21 Aralık 2021: Selahattin Demirtaş, bir ay önce kendilerine 5 bin 800 sayfa yeni bir evrak tebliğ edildiğini belirterek, "Teknik olarak tamamlanmamış bir iddianameye karşı savunma yapmaya zorluyorsunuz bizi. AKP-MHP üyelerinden oluşan HSK, sizi bu mahkemeye atadı. 'Bir an önce bitirin' diye size talimat yağdırıyorlar" dedi. Mahkeme heyetinin, IŞİD üyelerinin yargılandığı Paris Ağır Ceza Mahkemesi'nin kararını, bu davada tutukluluğun devamı için emsal almasına atıf yapan Demirtaş, "Bu, dünya yargılama tarihinde bir ilktir. Barbar bir tecavüzcü ordusunun yargılandığı davayı bizim davamıza emsal göstermenizi reddediyoruz. İlla ki yazacaksanız 10 Ekim Davasını gören, Suruç Davasını gören mahkemelere yazın bu davayı emsal olarak. İlla bir mahkemeyi emsal alacaksanız Strazburg'ta bir mahkeme var, adı da AİHM, onu emsal alın" dedi.
23 Aralık 2021: Tutuksuz yargılanan Gülfer Akkaya, Alevi kadınlarla ilgili yazdığı "Yol Kadındır" kitabının kapak resminin delil olarak gösterildiğini belirterek, "Bu kumpas davasının gerçek amacı HDP'yi kapatarak, yöneticilerini tutuklayarak birlikte yaşama umudunu yok etmektir" diye konuştu.

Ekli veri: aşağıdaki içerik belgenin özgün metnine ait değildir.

text \<open>Every boundary cell of the heavy cells is not heavy, hence holds at least m/4 outsiders,
  all of them neighbours of I.\<close>
lemma boundary_cells_bound:
  assumes I: "I \<subseteq> {0..<n}"
  shows "m / 4 * real (card (grid_boundary U (heavy I))) \<le> real (card (nbhd n adj I))"
proof -
  let ?B = "grid_boundary U (heavy I)" and ?out = "{0..<n} - I"
  have outsiders: "m / 4 \<le> real (occ ?out d)" if "d \<in> ?B" for d
  proof -
    have "d \<in> cells" "d \<notin> heavy I" using that unfolding grid_boundary_def by auto
    then have "occ {0..<n} d < 4 * occ ?out d" using occ_split[OF I, of d] by (simp add: heavy_def)
    moreover have "m \<le> real (occ {0..<n} d)" using occ_lower \<open>d \<in> cells\<close> by (simp add: occ_def)
    ultimately show ?thesis by linarith
  qed
  have "(\<Sum>d\<in>?B. occ ?out d) \<le> card (nbhd n adj I)"
  proof (rule neighbours_in_cells[OF I finite_grid_boundary])
    fix d assume "d \<in> ?B"
    then obtain g where g: "g \<in> heavy I" "grid_adj g d" unfolding grid_boundary_def by auto
    have "m \<le> real (occ {0..<n} g)" using g occ_lower by (simp add: heavy_def occ_def)
    then have "occ I g > 0" using g(1) m_pos unfolding heavy_def by auto
    then obtain i where "i \<in> I" "c i = g" by (auto simp: occ_def card_gt_0_iff)
    then show "\<exists>i\<in>I. c i = d \<or> grid_adj (c i) d" using g by blast
  qed
  then have "real (\<Sum>d\<in>?B. occ ?out d) \<le> real (card (nbhd n adj I))"
    by (simp only: of_nat_le_iff)
  moreover have "(\<Sum>d\<in>?B. m / 4) \<le> (\<Sum>d\<in>?B. real (occ ?out d))"
    by (rule sum_mono) (rule outsiders)
  moreover have "m / 4 * real (card ?B) = (\<Sum>d\<in>?B. m / 4)" by simp
  ultimately show ?thesis unfolding of_nat_sum by linarith
qed

text \<open>Large sets: either a constant fraction of I lies in non-heavy cells, or the heavy
  cells form a set whose grid boundary is large by isoperimetry.\<close>
lemma large_set_expansion:
  assumes I: "I \<subseteq> {0..<n}" and half: "2 * card I \<le> n"
  shows "6 * real (card (nbhd n adj I)) \<ge> real (card I) \<or>
         32 * M * real (card (nbhd n adj I))^2 \<ge> m^2 * real (card I)"
proof -
  let ?N = "real (card (nbhd n adj I))" and ?k = "card I" and ?H = "heavy I"
  let ?b = "real (card (grid_boundary U ?H))"
  have HG: "?H \<subseteq> cells" by (auto simp: heavy_def)
  have split: "?k = (\<Sum>g\<in>?H. occ I g) + (\<Sum>g\<in>cells - ?H. occ I g)"
    using sum_occ[OF I] sum.subset_diff[OF HG, of "occ I"] by simp
  show ?thesis
  proof (cases "?k \<le> 2 * (\<Sum>g\<in>?H. occ I g) \<and> ?k > 0")
    case False
    then show ?thesis using split light_cells_bound[OF I] by linarith
  next
    case True
    note heavy = heavy_cells_bound[OF I half conjunct1[OF True]]
    have "(\<Sum>g\<in>?H. occ I g) > 0" using True by linarith
    then obtain g where "g \<in> ?H" by (metis ex_in_conv less_irrefl sum.empty)
    then have "m \<le> M" using occ_lower occ_upper HG by force
    then have M0: "M \<ge> 0" using m_pos by linarith
    have "real ?k \<le> 2 * M * real (min (card ?H) (card (cells - ?H)))"
      using heavy by (cases "card ?H \<le> card (cells - ?H)") (auto simp: min_def)
    also have "\<dots> \<le> 2 * M * ?b^2"
      using grid_isoperimetry[OF HG] M0 by (intro mult_left_mono) (simp_all add: of_nat_le_iff
          flip: of_nat_power)
    finally have "real ?k \<le> 2 * M * ?b^2" .
    then have "m^2 * real ?k \<le> m^2 * (2 * M * ?b^2)" by (rule mult_left_mono) simp
    also have "\<dots> = 32 * M * (m / 4 * ?b)^2" by (simp add: power_mult_distrib power_divide)
    also have "\<dots> \<le> 32 * M * ?N^2"
      using boundary_cells_bound[OF I] m_pos M0 by (intro mult_left_mono power_mono) auto
    finally show ?thesis by simp
  qed
qed

end

text \<open>The two expansion estimates above, specialised to the occupancy bounds
  R^2/25600 and 9 R^2 that hold with high probability, give the expander properties
  with alpha = 1/51200 and beta = 10^-9.\<close>

text \<open>Small sets: |N(I)| \<ge> R^2/25600 - |I| \<ge> R^2/51200 when |I| \<le> R^2/51200.\<close>
lemma small_set_arith:
  fixes R h k N :: real
  assumes "h \<ge> 1" "h \<le> R^2 / 51200" "k \<le> h" "k \<ge> 0" "k > 0 \<Longrightarrow> N \<ge> R^2/25600 - k" "N \<ge> 0"
  shows "N \<ge> (1/51200) * R^2 / h * k"
proof (cases "k > 0")
  case False
  then show ?thesis using assms by simp
next
  case True
  have "R^2 * (k / h) \<le> R^2 * 1" using assms by (intro mult_left_mono) auto
  then have "(1/51200) * R^2 / h * k \<le> (1/51200) * R^2" by (simp add: field_simps)
  also have "\<dots> \<le> N" using assms True by simp
  finally show ?thesis .
qed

24 Aralık 2021: Kocaeli 1 Nolu F Tipi Cezaevi'nde tutulan ve sağlık durumu kötüye giden Aysel Tuğluk için yazılan müzekkereye cevap geldi. Tuğluk'un Adli Tıp Kurumu'na sevk edileceği bildirildi.
Mahkeme heyeti ile avukatlar arasında, duruşma tutanakları konusunda tartışma yaşandı. Avukatların "Cezaevlerinden gelen yazıları duruşma tutanaklarına yansıtmıyorsunuz ya da gerçek dışı yansıtıyorsunuz" şeklindeki sözlerini kesen mahkeme heyeti, tutanağa avukatların sözlerini geçmek yerine "Düzeni bozacak şekilde davranışlarda bulundu" diye yazdırdı.
İçişleri Bakanlığı, Emniyet Genel Müdürlüğü, MİT, Adalet Bakanlığı ve Karayolları Genel Müdürlüğü avukatları davaya katılma talebinde bulundu. Bu konuda söz isteyen savunma avukatlarının mikrofonunu açmayan mahkeme heyeti başkanı, avukatlara bağırdı.
Müdahillik taleplerini tutuklu siyasetçiler de reddetti. Ayla Akat Ata, "Bugün burada müdahillik talebinde bulunan kurumlar, bu saldırıları engelleyebilirlerdi. Ben o gün saldırıya uğradığımda ölebilirdim" dedi. Bircan Yorulmaz da "Emniyet Genel Müdürlüğü, olayları engellemesi gerekirken buraya gelmiş müşteki olmak istiyor" ifadesini kullandı.
27 Aralık 2021: Kendilerine önceden bilgi verilmeden müştekilerin dinlenecek olması avukatlar tarafından tepkiyle karşılandı. Mahkeme heyeti itirazları dikkate almayarak müştekilere söz verdi. Müşteki Serkan Yazıcı ve Sedat Sarıkaya şikâyetçi olmadıklarını belirtti. Müşteki polis memuru Mustafa İmal, devletin araçlarının zarar gördüğünü ve evine ateş açıldığını söyledi. İmal, avukatların soruları üzerine, salonda bulunanları olay yerinde görmediğini kaydetti. İmal, "Bilmediğim, görmediğim insanlardan nasıl şikâyetçi olabilirim, buradakileri görmedim" dedi. Mahkeme heyeti başkanı, Selahattin Demirtaş'ın ismini vererek İmal'a "şikâyetçi misin?" diye sordu. Soruya itiraz eden Av. Cemile Turhallı Balsak, "Soru sorduğunuz kişi bir polis memuru. Bu soruya o kolluğun 'Demirtaş'tan şikâyetçi değilim' deme şansı var mı?" dedi.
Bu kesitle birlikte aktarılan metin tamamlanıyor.